Она поняла, что ей нужен наставник, причем чем скорее, тем лучше. Кто-то достаточно смелый, кто имел близкие контакты с богами. В четырнадцать она наконец набралась храбрости и с бьющимся сердцем вошла под прохладные своды ближайшего храма ведуний судьбы, поднявшись по древним ступеням; и когда услыхала песнопения, доносившиеся из-за боковой дверцы, ощутила, что поступает правильно, и остаток пути буквально пробежала, влетев в зал, где пели ведуньи, облаченные в мягкие одеяния, и промчавшись мимо выщербленных статуй богов с именами Ганзи, Бунунухнус и Баксид. Ее остановила на бегу маленькая девчушка, ухватив за талию, и, прежде чем Анис успела задать вопрос, заявила, что ее богиня-хранительница – Джай. Анис сразу понравилось это имя: краткое и четкое, и она вдруг против своей воли залепетала: мол, больше всего на свете ей хочется исцелять людей и быть свободной.

– Джай очень свободна, идем, я покажу тебе ее статую, – сказала Ингрид Дуранде. – Но ты должна научиться дышать.
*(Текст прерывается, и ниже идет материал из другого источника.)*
(* Let $n\ge2$, $\preceq$ an admissible order on $L([0,1])$, $F\colon L([0,1])^2\to L([0,1])$, $G\colon L([0,1])^n\to L([0,1])$. The IV Sugeno-like $FG$-functional $\mathbf S_m^{F,G}$ is an $n$-dimensional IV aggregation function w.r.t. $\preceq$ for every IV fuzzy measure $m$ whenever: (i) $F(\cdot,\mathbf1)$ is non-decreasing, $F(\mathbf0,\mathbf1)=\mathbf0$, $F(\mathbf1,\mathbf1)=\mathbf1$, and $G=f\circ\mathrm{Proj}_1$ with $f\colon L([0,1])\to L([0,1])$ non-decreasing, $f(\mathbf0)=\mathbf0$, $f(\mathbf1)=\mathbf1$; or (ii) $F(\mathbf0,Y)=\mathbf0$ for all $Y\in L([0,1])$, $F(\mathbf1,\mathbf1)=\mathbf1$, $F$ is non-decreasing (in each variable), and $G=f\circ\vee$ with $f$ non-decreasing, $f(\mathbf0)=\mathbf0$, $f(\mathbf1)=\mathbf1$.
   Context: $N=\{1,\dots,n\}$. $L([0,1])=\{[a,b]:0\le a\le b\le1\}$, $\mathbf0=[0,0]$, $\mathbf1=[1,1]$. An admissible order $\preceq$ is a total order on $L([0,1])$ with $[a,b]\preceq[c,d]$ whenever $a\le c$, $b\le d$. $\vee$ denotes maximum w.r.t. $\preceq$; monotonicity is w.r.t. $\preceq$; $\mathrm{Proj}_1(X_1,\dots,X_n)=X_1$. An $n$-dimensional IV aggregation function w.r.t. $\preceq$ is $M\colon L([0,1])^n\to L([0,1])$ with $M(\mathbf0,\dots,\mathbf0)=\mathbf0$, $M(\mathbf1,\dots,\mathbf1)=\mathbf1$, non-decreasing in each component w.r.t. $\preceq$. An IV fuzzy measure w.r.t. $\preceq$ is $m\colon2^N\to L([0,1])$, $m(\emptyset)=\mathbf0$, $m(N)=\mathbf1$, $m(A)\preceq m(B)$ for $A\subseteq B$. For a permutation $\sigma$, $E_{\sigma(i)}=\{\sigma(i),\dots,\sigma(n)\}$. $\mathbf S_m^{F,G}(X_1,\dots,X_n)=G\big(F(X_{\sigma(1)},m(E_{\sigma(1)})),\dots,F(X_{\sigma(n)},m(E_{\sigma(n)}))\big)$ with $\sigma$ any permutation such that $X_{\sigma(1)}\preceq\dots\preceq X_{\sigma(n)}$; it is defined when this value does not depend on the choice of $\sigma$ for all inputs. *)

theory Defs
  imports Complex_Main "HOL-Combinatorics.Permutations"
begin

text \<open>Closed subintervals [a,b] of [0,1] are represented by pairs (a,b).\<close>

type_synonym iv = "real \<times> real"

definition LI :: "iv set" where
  "LI = {(a, b). 0 \<le> a \<and> a \<le> b \<and> b \<le> 1}"

definition iv0 :: iv where "iv0 = (0, 0)"
definition iv1 :: iv where "iv1 = (1, 1)"

definition admissible_order :: "(iv \<Rightarrow> iv \<Rightarrow> bool) \<Rightarrow> bool" where
  "admissible_order le \<longleftrightarrow>
     (\<forall>x\<in>LI. le x x) \<and>
     (\<forall>x\<in>LI. \<forall>y\<in>LI. le x y \<and> le y x \<longrightarrow> x = y) \<and>
     (\<forall>x\<in>LI. \<forall>y\<in>LI. \<forall>z\<in>LI. le x y \<and> le y z \<longrightarrow> le x z) \<and>
     (\<forall>x\<in>LI. \<forall>y\<in>LI. le x y \<or> le y x) \<and>
     (\<forall>a b c d. (a, b) \<in> LI \<and> (c, d) \<in> LI \<and> a \<le> c \<and> b \<le> d \<longrightarrow> le (a, b) (c, d))"

definition inputs :: "nat \<Rightarrow> (nat \<Rightarrow> iv) set" where
  "inputs n = {1..n} \<rightarrow> LI"

definition IV_aggregation :: "(iv \<Rightarrow> iv \<Rightarrow> bool) \<Rightarrow> nat \<Rightarrow> ((nat \<Rightarrow> iv) \<Rightarrow> iv) \<Rightarrow> bool" where
  "IV_aggregation le n M \<longleftrightarrow>
     (\<forall>X\<in>inputs n. M X \<in> LI) \<and>
     M (\<lambda>_. iv0) = iv0 \<and> M (\<lambda>_. iv1) = iv1 \<and>
     (\<forall>X\<in>inputs n. \<forall>Y\<in>inputs n. (\<forall>i\<in>{1..n}. le (X i) (Y i)) \<longrightarrow> le (M X) (M Y))"

definition IV_fuzzy_measure :: "(iv \<Rightarrow> iv \<Rightarrow> bool) \<Rightarrow> nat \<Rightarrow> (nat set \<Rightarrow> iv) \<Rightarrow> bool" where
  "IV_fuzzy_measure le n m \<longleftrightarrow>
     (\<forall>A. A \<subseteq> {1..n} \<longrightarrow> m A \<in> LI) \<and>
     m {} = iv0 \<and> m {1..n} = iv1 \<and>
     (\<forall>A B. A \<subseteq> B \<and> B \<subseteq> {1..n} \<longrightarrow> le (m A) (m B))"

definition sorting_perm :: "(iv \<Rightarrow> iv \<Rightarrow> bool) \<Rightarrow> nat \<Rightarrow> (nat \<Rightarrow> iv) \<Rightarrow> (nat \<Rightarrow> nat) \<Rightarrow> bool" where
  "sorting_perm le n X \<sigma> \<longleftrightarrow> \<sigma> permutes {1..n} \<and>
     (\<forall>i j. 1 \<le> i \<and> i \<le> j \<and> j \<le> n \<longrightarrow> le (X (\<sigma> i)) (X (\<sigma> j)))"

text \<open>Value of the FG-functional for a given sorting permutation;
  E_{sigma(i)} = {sigma(i),...,sigma(n)} = sigma ` {i..n}.\<close>
definition S_val :: "(iv \<Rightarrow> iv \<Rightarrow> iv) \<Rightarrow> ((nat \<Rightarrow> iv) \<Rightarrow> iv) \<Rightarrow> (nat set \<Rightarrow> iv) \<Rightarrow> nat
     \<Rightarrow> (nat \<Rightarrow> iv) \<Rightarrow> (nat \<Rightarrow> nat) \<Rightarrow> iv" where
  "S_val F G m n X \<sigma> = G (\<lambda>i. F (X (\<sigma> i)) (m (\<sigma> ` {i..n})))"

definition S_well_defined :: "(iv \<Rightarrow> iv \<Rightarrow> bool) \<Rightarrow> (iv \<Rightarrow> iv \<Rightarrow> iv) \<Rightarrow> ((nat \<Rightarrow> iv) \<Rightarrow> iv)
     \<Rightarrow> (nat set \<Rightarrow> iv) \<Rightarrow> nat \<Rightarrow> bool" where
  "S_well_defined le F G m n \<longleftrightarrow>
     (\<forall>X\<in>inputs n. \<forall>\<sigma> \<tau>. sorting_perm le n X \<sigma> \<and> sorting_perm le n X \<tau> \<longrightarrow>
        S_val F G m n X \<sigma> = S_val F G m n X \<tau>)"

definition S_FG :: "(iv \<Rightarrow> iv \<Rightarrow> bool) \<Rightarrow> (iv \<Rightarrow> iv \<Rightarrow> iv) \<Rightarrow> ((nat \<Rightarrow> iv) \<Rightarrow> iv)
     \<Rightarrow> (nat set \<Rightarrow> iv) \<Rightarrow> nat \<Rightarrow> (nat \<Rightarrow> iv) \<Rightarrow> iv" where
  "S_FG le F G m n X = S_val F G m n X (SOME \<sigma>. sorting_perm le n X \<sigma>)"

definition iv_max :: "(iv \<Rightarrow> iv \<Rightarrow> bool) \<Rightarrow> nat \<Rightarrow> (nat \<Rightarrow> iv) \<Rightarrow> iv" where
  "iv_max le n X = (THE Z. Z \<in> X ` {1..n} \<and> (\<forall>i\<in>{1..n}. le (X i) Z))"

definition mono_iv :: "(iv \<Rightarrow> iv \<Rightarrow> bool) \<Rightarrow> (iv \<Rightarrow> iv) \<Rightarrow> bool" where
  "mono_iv le f \<longleftrightarrow> (\<forall>x\<in>LI. \<forall>y\<in>LI. le x y \<longrightarrow> le (f x) (f y))"

end

theory Submission
  imports Defs
begin

(* Only the linearity of the order on L([0,1]) is used, never its compatibility with the
  product order. The functional sees the sorting permutation sigma only through the pairs
  (X_sigma(i), m(E_sigma(i))), and in both cases sigma can be eliminated. In case (i), G reads
  only F(X_sigma(1), m(N)) = F(min X, 1). In case (ii),
  max_i F(X_sigma(i), m(E_sigma(i))) = max_j F(X_j, m{k. X_j <= X_k}), because E_sigma(i) lies
  inside the upper set of X_sigma(i), with equality at the first occurrence of each value, and F
  is monotone in its second argument. Both sigma-free forms are monotone in X, and composing
  with f keeps the boundary values. *)

lemma inputs_iff: "X \<in> inputs n \<longleftrightarrow> (\<forall>i\<in>{1..n}. X i \<in> LI)"
  by (auto simp: inputs_def)

lemma inputsD: "X \<in> inputs n \<Longrightarrow> i \<in> {1..n} \<Longrightarrow> X i \<in> LI"
  by (simp add: inputs_iff)

lemma const_in_inputs: "c \<in> LI \<Longrightarrow> (\<lambda>_. c) \<in> inputs n"
  by (simp add: inputs_iff)

lemma iv0_in_LI: "iv0 \<in> LI" and iv1_in_LI: "iv1 \<in> LI"
  by (auto simp: LI_def iv0_def iv1_def)

lemma mono_ivD: "mono_iv le f \<Longrightarrow> x \<in> LI \<Longrightarrow> y \<in> LI \<Longrightarrow> le x y \<Longrightarrow> le (f x) (f y)"
  unfolding mono_iv_def by blast

lemma mono_iv_comp:
  "mono_iv le f \<Longrightarrow> mono_iv le g \<Longrightarrow> \<forall>x\<in>LI. g x \<in> LI \<Longrightarrow> mono_iv le (\<lambda>x. f (g x))"
  unfolding mono_iv_def by blast

lemma fuzzy_measure_in_LI: "IV_fuzzy_measure le n m \<Longrightarrow> A \<subseteq> {1..n} \<Longrightarrow> m A \<in> LI"
  unfolding IV_fuzzy_measure_def by blast

lemma fuzzy_measure_mono:
  "IV_fuzzy_measure le n m \<Longrightarrow> A \<subseteq> B \<Longrightarrow> B \<subseteq> {1..n} \<Longrightarrow> le (m A) (m B)"
  unfolding IV_fuzzy_measure_def by blast

lemma fuzzy_measure_top: "IV_fuzzy_measure le n m \<Longrightarrow> m {1..n} = iv1"
  unfolding IV_fuzzy_measure_def by blast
– Как ты здесь оказалась? – изумилась Анис. – Ты же еще совсем ребенок.

– Мне восемь лет. Но не обращай внимания на возраст. Я состою в Совете вещуний судьбы. А это значит, я в этом храме распоряжаюсь. Вместе с другими. – Ингрид высунула язык. – Хочешь сесть рядом со мной?

Анис расхохоталась. Как будто девушка предлагала парню выйти за него замуж. Так не делают!

– Это же я должна у тебя спрашивать.

Ингрид закатила глаза.

– Ну так спрашивай побыстрее! Тебе же хочется!

Ингрид родилась с числом 29 на теле. На ее ключице виднелся изгиб цифры 2, а нижняя часть цифры 9 появлялась из-под задравшейся туники. Обе цифры были чуть темнее остальной кожи.

– Мама говорит, когда принявшая меня ведунья увидела эти цифры, она начала браниться. С этими словами Ингрид воздела ручки к небу и скроила смешную гримасу: «Проклятье, и что же это значит?»

Но дар малютки Ингрид оказалось не так сложно определить, как опасалась ведунья-повитуха. Малышке просто надо было выучить все цифры.

«Семьдесят пять», – могла сказать двухлетняя Ингрид, сидя у мамы на руках и тыча пальцем в торговку свинины с Мертвых островов.

Торговка улыбалась в ответ и тыкала в ребенка вымазанным свиным жиром пальцем:

– А ты умеешь считать!

– Семьдесят пять, – повторила Ингрид и перевела взгляд на мужа старухи. – Шестьдесят четыре!

– Да, мне шестьдесят четыре, – подтвердил мужчина. – Умненький ребенок.

– Мило! – удивилась торговка свининой. – Не слишком ли рано она познала свой дар?

– И правда рано, – согласилась мать Ингрид. Она потерлась своим носом о носик дочки и притворилась, будто кусает ее за животик. – Ей бы еще немного побыть ребенком.

– Девяносто один, – усмехнулась Ингрид и схватила мать за нос.

Муж торговки свининой той же ночью умер в своем гамаке.

Спустя несколько месяцев после этого случая мать отнесла Ингрид в ближайший храм, чтобы срочно проконсультироваться с тамошними ведуньями судьбы. Люди все умирали и умирали и указывали на ее единственное дитя, но ведь не такого магического дара они ожидали от богов!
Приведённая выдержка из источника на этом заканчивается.